Verano termina en ano


                     Hasta el ano está ya el viajero de tanto verano. Antes, cuando tenía su casa en el norte se quejaba del corto verano, el veranín de frescos días, los más, lluviosos o nublados; aquellos veranines de cuatro o cinco días de tímido sol, aquellos finales bruscos del verano norteño que, de un día para otro, dejaban tiesas a las pobres plantas de su jardín florecidas por la tarde y heladas a la mañana siguiente... No hay términos medios para los veranos del viajero. Templados veranos de temperaturas que no sobrepasen los 25 grados, frescas tardes y noches más frescas que sea necesario echarse una ligera manta en la cama y buscar el calorcillo del cuerpo vecino y acurrucarse entre sus brazos...
Por eso el viajero continúa buscando su casa en otro lugar; vino al Levante, cerca de las costas del Mediterráneo buscando el calorcillo y la sequedad que solucionara sus problemas de articulaciones.
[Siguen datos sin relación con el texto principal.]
lemma ball_infdist_frontier_subset:
  fixes D :: "'a::real_normed_vector set"
  assumes "y \<in> D"
  shows "ball y (infdist y (frontier D)) \<subseteq> D"
proof
  fix z assume z: "z \<in> ball y (infdist y (frontier D))"
  let ?B = "ball y (infdist y (frontier D))"
  show "z \<in> D"
  proof (rule ccontr)
    assume "z \<notin> D"
    have "?B \<inter> frontier D \<noteq> {}"
    proof (rule connected_Int_frontier)
      have "y \<in> ?B" using z order_le_less_trans[OF zero_le_dist] by simp
      then show "?B \<inter> D \<noteq> {}" using assms by blast
      show "?B - D \<noteq> {}" using z \<open>z \<notin> D\<close> by blast
    qed simp
    then obtain p where "p \<in> frontier D" "dist y p < infdist y (frontier D)" by auto
    then show False using infdist_le[of p "frontier D" y] by simp
  qed
qed

definition step_radius :: "'a::euclidean_space set \<Rightarrow> real \<Rightarrow> 'a \<Rightarrow> nat \<Rightarrow> (nat \<Rightarrow> 'a) \<Rightarrow> real" where
  "step_radius D eps x n \<omega> = min eps (infdist (ball_walk D eps x \<omega> n) (frontier D))"

lemma ball_walk_Suc_step_radius:
  "ball_walk D eps x \<omega> (Suc n) = ball_walk D eps x \<omega> n + step_radius D eps x n \<omega> *\<^sub>R \<omega> n"
  by (simp add: step_radius_def)

lemma step_radius_nonneg: "0 \<le> eps \<Longrightarrow> 0 \<le> step_radius D eps x n \<omega>"
  by (simp add: step_radius_def infdist_nonneg)

lemma ball_walk_in_domain:
  assumes "x \<in> D" "\<forall>n. \<omega> n \<in> ball 0 1" "0 \<le> eps"
  shows "ball_walk D eps x \<omega> n \<in> D"
proof (induction n)
  case (Suc n)
  let ?y = "ball_walk D eps x \<omega> n" and ?r = "step_radius D eps x n \<omega>"
  show ?case
  proof (cases "?r = 0")
    case False
    then have "0 < ?r" using step_radius_nonneg[OF assms(3)] by (simp add: order_less_le)
    moreover have "norm (\<omega> n) < 1" using assms(2) by simp
    ultimately have "?r * norm (\<omega> n) < ?r"
      using mult_strict_left_mono[of "norm (\<omega> n)" 1 ?r] by simp
    also have "?r \<le> infdist ?y (frontier D)" by (simp add: step_radius_def)
    finally have "?y + ?r *\<^sub>R \<omega> n \<in> ball ?y (infdist ?y (frontier D))"
      using \<open>0 < ?r\<close> by (simp add: dist_norm)
    then show ?thesis
      unfolding ball_walk_Suc_step_radius using ball_infdist_frontier_subset[OF Suc] by blast
  qed (use Suc in \<open>simp only: ball_walk_Suc_step_radius scale_zero_left add_0_right\<close>)
qed (use assms in simp)

lemma dist_ball_walk_Suc_le:
  assumes "\<forall>n. \<omega> n \<in> ball 0 1" "0 \<le> eps"
  shows "dist (ball_walk D eps x \<omega> (Suc n)) (ball_walk D eps x \<omega> n) \<le> eps"
proof -
  let ?r = "step_radius D eps x n \<omega>"
  have "0 \<le> ?r" "?r \<le> eps"
    using step_radius_nonneg[OF assms(2)] by (auto simp: step_radius_def)
  moreover have "norm (\<omega> n) \<le> 1" using assms(1) less_imp_le by auto
  ultimately have "?r * norm (\<omega> n) \<le> eps * 1" by (intro mult_mono) auto
  then show ?thesis
    unfolding ball_walk_Suc_step_radius using \<open>0 \<le> ?r\<close> by (simp add: dist_norm)
qed

lemma ball_walk_cong:
  "\<forall>i<n. \<omega> i = \<omega>' i \<Longrightarrow> ball_walk D eps x \<omega> n = ball_walk D eps x \<omega>' n"
  by (induction n) auto

lemma ball_walk_comb_seq_le:
  "j \<le> k \<Longrightarrow> ball_walk D eps x (comb_seq k \<omega> \<omega>') j = ball_walk D eps x \<omega> j"
  by (intro ball_walk_cong) (auto simp: comb_seq_less)

lemma ball_walk_comb_seq_add:
  "ball_walk D eps x (comb_seq k \<omega> \<omega>') (k + n) = ball_walk D eps (ball_walk D eps x \<omega> k) \<omega>' n"
proof (induction n)
  case (Suc n)
  have "comb_seq k \<omega> \<omega>' (k + n) = \<omega>' n"
    using comb_seq_add[of k \<omega> \<omega>' n] by (simp add: add.commute)
  then show ?case using Suc by simp
qed (simp add: ball_walk_comb_seq_le)

lemma borel_measurable_infdist [measurable]: "(\<lambda>y. infdist y S) \<in> borel_measurable borel"
  by (intro borel_measurable_continuous_onI continuous_intros)

lemma measurable_ball_walk [measurable]:
  "(\<lambda>\<omega>. ball_walk D eps x \<omega> n) \<in> borel_measurable (walk_space :: (nat \<Rightarrow> 'a::euclidean_space) measure)"
proof (induction n)
  case (Suc n)
  note Suc [measurable]
  show ?case by simp
qed simp

lemma measurable_step_radius [measurable]:
  "step_radius D eps x n \<in> borel_measurable (walk_space :: (nat \<Rightarrow> 'a::euclidean_space) measure)"
  unfolding step_radius_def[abs_def] by measurable

lemma predictable_step_radius: "predictable (step_radius D eps x)"
  unfolding predictable_def step_radius_def using ball_walk_cong by metis

lemma ball_walk_eq_sum:
  "ball_walk D eps x \<omega> n = x + (\<Sum>i<n. step_radius D eps x i \<omega> *\<^sub>R \<omega> i)"
proof (induction n)
  case (Suc n)
  then show ?case by (simp only: ball_walk_Suc_step_radius sum.lessThan_Suc add.assoc)
qed simp

section \<open>Almost sure convergence\<close>

text \<open>By \<open>nn_integral_norm_sq_add_step\<close> with \<open>h = 0\<close>, this is \<open>E |X\<^sub>n\<^sub>+\<^sub>1 - X\<^sub>n|\<^sup>2\<close>.\<close>
definition step_variance :: "'a::euclidean_space set \<Rightarrow> real \<Rightarrow> 'a \<Rightarrow> nat \<Rightarrow> ennreal" where
  "step_variance D eps x n =
     ball_second_moment TYPE('a) * (\<integral>\<^sup>+\<omega>. ennreal ((step_radius D eps x n \<omega>)\<^sup>2) \<partial>walk_space)"

lemma nn_integral_norm_sq_ball_walk:
  "(\<integral>\<^sup>+\<omega>. ennreal ((norm (ball_walk D eps x \<omega> N - x))\<^sup>2) \<partial>walk_space) = (\<Sum>n<N. step_variance D eps x n)"
  unfolding ball_walk_eq_sum step_variance_def
  using nn_integral_norm_sq_predictable_sum[OF measurable_step_radius predictable_step_radius] by simp

lemma suminf_step_variance_less_top:
  fixes D :: "'a::euclidean_space set"
  assumes "bounded D" "x \<in> D" "0 \<le> eps"
  shows "(\<Sum>n. step_variance D eps x n) < \<top>"
proof -
  interpret P: prob_space "walk_space :: (nat \<Rightarrow> 'a) measure" by (rule prob_space_walk_space)
  obtain R where R: "\<forall>y\<in>D. dist x y \<le> R"
    using \<open>bounded D\<close> bounded_any_center by blast
  have "(\<Sum>n<N. step_variance D eps x n) \<le> ennreal (R\<^sup>2)" for N
  proof -
    have "AE \<omega> in walk_space. ennreal ((norm (ball_walk D eps x \<omega> N - x))\<^sup>2) \<le> ennreal (R\<^sup>2)"
      using AE_walk_space
    proof eventually_elim
      case (elim \<omega>)
      then have "ball_walk D eps x \<omega> N \<in> D" using ball_walk_in_domain assms(2,3) by blast
      then have "norm (ball_walk D eps x \<omega> N - x) \<le> R"
        using R by (auto simp: dist_norm norm_minus_commute)
      then show ?case by (intro ennreal_leI power_mono) auto
    qed
    then have "(\<integral>\<^sup>+\<omega>. ennreal ((norm (ball_walk D eps x \<omega> N - x))\<^sup>2) \<partial>walk_space)
        \<le> (\<integral>\<^sup>+\<omega>. ennreal (R\<^sup>2) \<partial>(walk_space :: (nat \<Rightarrow> 'a) measure))"
      by (rule nn_integral_mono_AE)
    then show ?thesis using P.emeasure_space_1 by (simp add: nn_integral_norm_sq_ball_walk)
  qed
  then have "(\<Sum>n. step_variance D eps x n) \<le> ennreal (R\<^sup>2)"
    by (intro suminf_le_const summableI)
  then show ?thesis using order_le_less_trans by fastforce
qed
lemma sub_gaussian_vec_nn_integral_exp_norm_sq:
  fixes X :: "'a \<Rightarrow> real ^ 'n"
  assumes "prob_space M" and "sub_gaussian_vec M X \<sigma>2" and "\<sigma>2 * s\<^sup>2 < 1"
  shows "(\<integral>\<^sup>+\<omega>. ennreal (exp (s\<^sup>2 * (norm (X \<omega>))\<^sup>2 / 2)) \<partial>M)
       \<le> ennreal ((1 / sqrt (1 - \<sigma>2 * s\<^sup>2)) ^ CARD('n))"
proof -
  let ?G = "std_gaussian (UNIV :: 'n set)"
  interpret pair_sigma_finite M ?G
    using prob_space_imp_sigma_finite[OF assms(1)] prob_space_imp_sigma_finite[OF prob_space_std_gaussian]
    by (simp add: pair_sigma_finite_def)
  have [measurable]: "X \<in> borel_measurable M"
    using assms(2) unfolding sub_gaussian_vec_def by blast
  have [measurable]: "(\<lambda>\<omega>. X \<omega> $ i) \<in> borel_measurable M" for i
    by (rule measurable_compose[OF \<open>X \<in> borel_measurable M\<close>])
      (intro borel_measurable_continuous_onI continuous_intros)
  have averaging: "ennreal (exp (s\<^sup>2 * (norm x)\<^sup>2 / 2))
      = (\<integral>\<^sup>+g. ennreal (exp (\<Sum>i\<in>UNIV. (s * x $ i) * g i)) \<partial>?G)" for x :: "real ^ 'n"
  proof -
    have "s\<^sup>2 * (norm x)\<^sup>2 = (\<Sum>i\<in>UNIV. (s * x $ i)\<^sup>2)"
      unfolding power2_norm_eq_inner inner_vec_def
      by (simp add: power2_eq_square sum_distrib_left mult_ac)
    then show ?thesis
      by (simp add: nn_integral_std_gaussian_exp_sum)
  qed
  have sub_gaussian: "(\<integral>\<^sup>+\<omega>. ennreal (exp (\<Sum>i\<in>UNIV. (s * X \<omega> $ i) * g i)) \<partial>M)
      \<le> ennreal (exp (\<sigma>2 * s\<^sup>2 * (\<Sum>i\<in>UNIV. (g i)\<^sup>2) / 2))" for g
  proof -
    define v :: "real ^ 'n" where "v = (\<chi> i. s * g i)"
    have "(\<Sum>i\<in>UNIV. (s * X \<omega> $ i) * g i) = v \<bullet> X \<omega>" for \<omega>
      by (simp add: v_def inner_vec_def mult_ac)
    moreover have "(norm v)\<^sup>2 = s\<^sup>2 * (\<Sum>i\<in>UNIV. (g i)\<^sup>2)"
      unfolding power2_norm_eq_inner inner_vec_def
      by (simp add: v_def sum_distrib_left power2_eq_square mult_ac)
    ultimately show ?thesis
      using sub_gaussian_vec_nn_integral_exp_inner[OF assms(1,2), of v] by (simp add: mult.assoc)
  qed
  have "(\<integral>\<^sup>+\<omega>. ennreal (exp (s\<^sup>2 * (norm (X \<omega>))\<^sup>2 / 2)) \<partial>M)
      = (\<integral>\<^sup>+\<omega>. \<integral>\<^sup>+g. ennreal (exp (\<Sum>i\<in>UNIV. (s * X \<omega> $ i) * g i)) \<partial>?G \<partial>M)"
    by (simp only: averaging)
  also have "\<dots> = (\<integral>\<^sup>+g. \<integral>\<^sup>+\<omega>. ennreal (exp (\<Sum>i\<in>UNIV. (s * X \<omega> $ i) * g i)) \<partial>M \<partial>?G)"
    by (rule Fubini'[symmetric]) measurable
  also have "\<dots> \<le> (\<integral>\<^sup>+g. ennreal (exp (\<sigma>2 * s\<^sup>2 * (\<Sum>i\<in>UNIV. (g i)\<^sup>2) / 2)) \<partial>?G)"
    by (intro nn_integral_mono sub_gaussian)
  also have "\<dots> = ennreal ((1 / sqrt (1 - \<sigma>2 * s\<^sup>2)) ^ CARD('n))"
    using assms(3) by (intro nn_integral_std_gaussian_exp_sum_square) auto
  finally show ?thesis .
qed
Pero el cambio fue a peor, porque en los veranos siguientes el tiempo cambió y las noches húmedas se sucedieron como en el norte astur, orillado al Mar Cantábrico. Ya, ya... que el viajero se pasa de un extremo a otro, pero ¿dónde encuentra una zona intermedia que no tenga extremadas temperaturas ni saltos bruscos de una estación a otra? Quizás en las Islas Canarias. Pero al viajero le aterra vivir a nivel del mar o en una isla (encima, una isla volcánica). Ya tuvo aquella terrible experiencia de vivir en Ibiza y salir en un avión para pisar tierra firme en Madrid (luego regresó, pero duró poco su estadía a causa de otro cambio climático en que las lluvias lo echaron literalmente de las Pitiusas).
El viajero va paseando su particular Ítaca por toda la geografía española y parte del extranjero. El viajero está ya más que harto de cambiar de casa cada tantos años para encontrar los mismos inconvenientes en la siguiente no bien han pasado los años de rodaje reglamentarios.
                     Y, después de pasar varios veranos viviendo (sobreviviendo más bien) en Sevilla, el viajero no quiere más verano que empiece meses antes de lo establecido y termine pasado el otoño o que el año se divida en tres estaciones: verano, invierno y la Estación de Santa Justa -la estación de autobuses sevillana era de un cutre que para qué-). Después de tamaña experiencia el viajero se retiró al norte astur al "calor" del verde, pero el verde paisaje de Asturias es verde porque llueve mucho y hay escarchas y rocíos que conservan la hierba fresca y verde. Precioso, sí, pero sólo para unos días de verano. Lo mismo que el Sur andaluz, precioso para una fresca Primavera de días de jaranas y ferias o procesiones -igualmente jaraneras y como una feria sacra, pero feria al fin y al cabo-. Lugares para ir de visita nada más. Así que el viajero que ahora recala en este lugar seco, sequísimo últimamente, cálido y paradógicamente húmedo cuando le pete al tiempo, está más que harto del largo, largo, larguísimo verano alicantino. Recientemente visitó a su familia que recalaba en Cantabria; fueron unos días de frescor y lluvias vivificantes cuando en su casa alicantina se cocían las plantas de su jardín o eran masacradas por un inoportuno pedrisco que casi las aplasta.
                     Y hasta el ano está el viajero de quejarse del calor reinante.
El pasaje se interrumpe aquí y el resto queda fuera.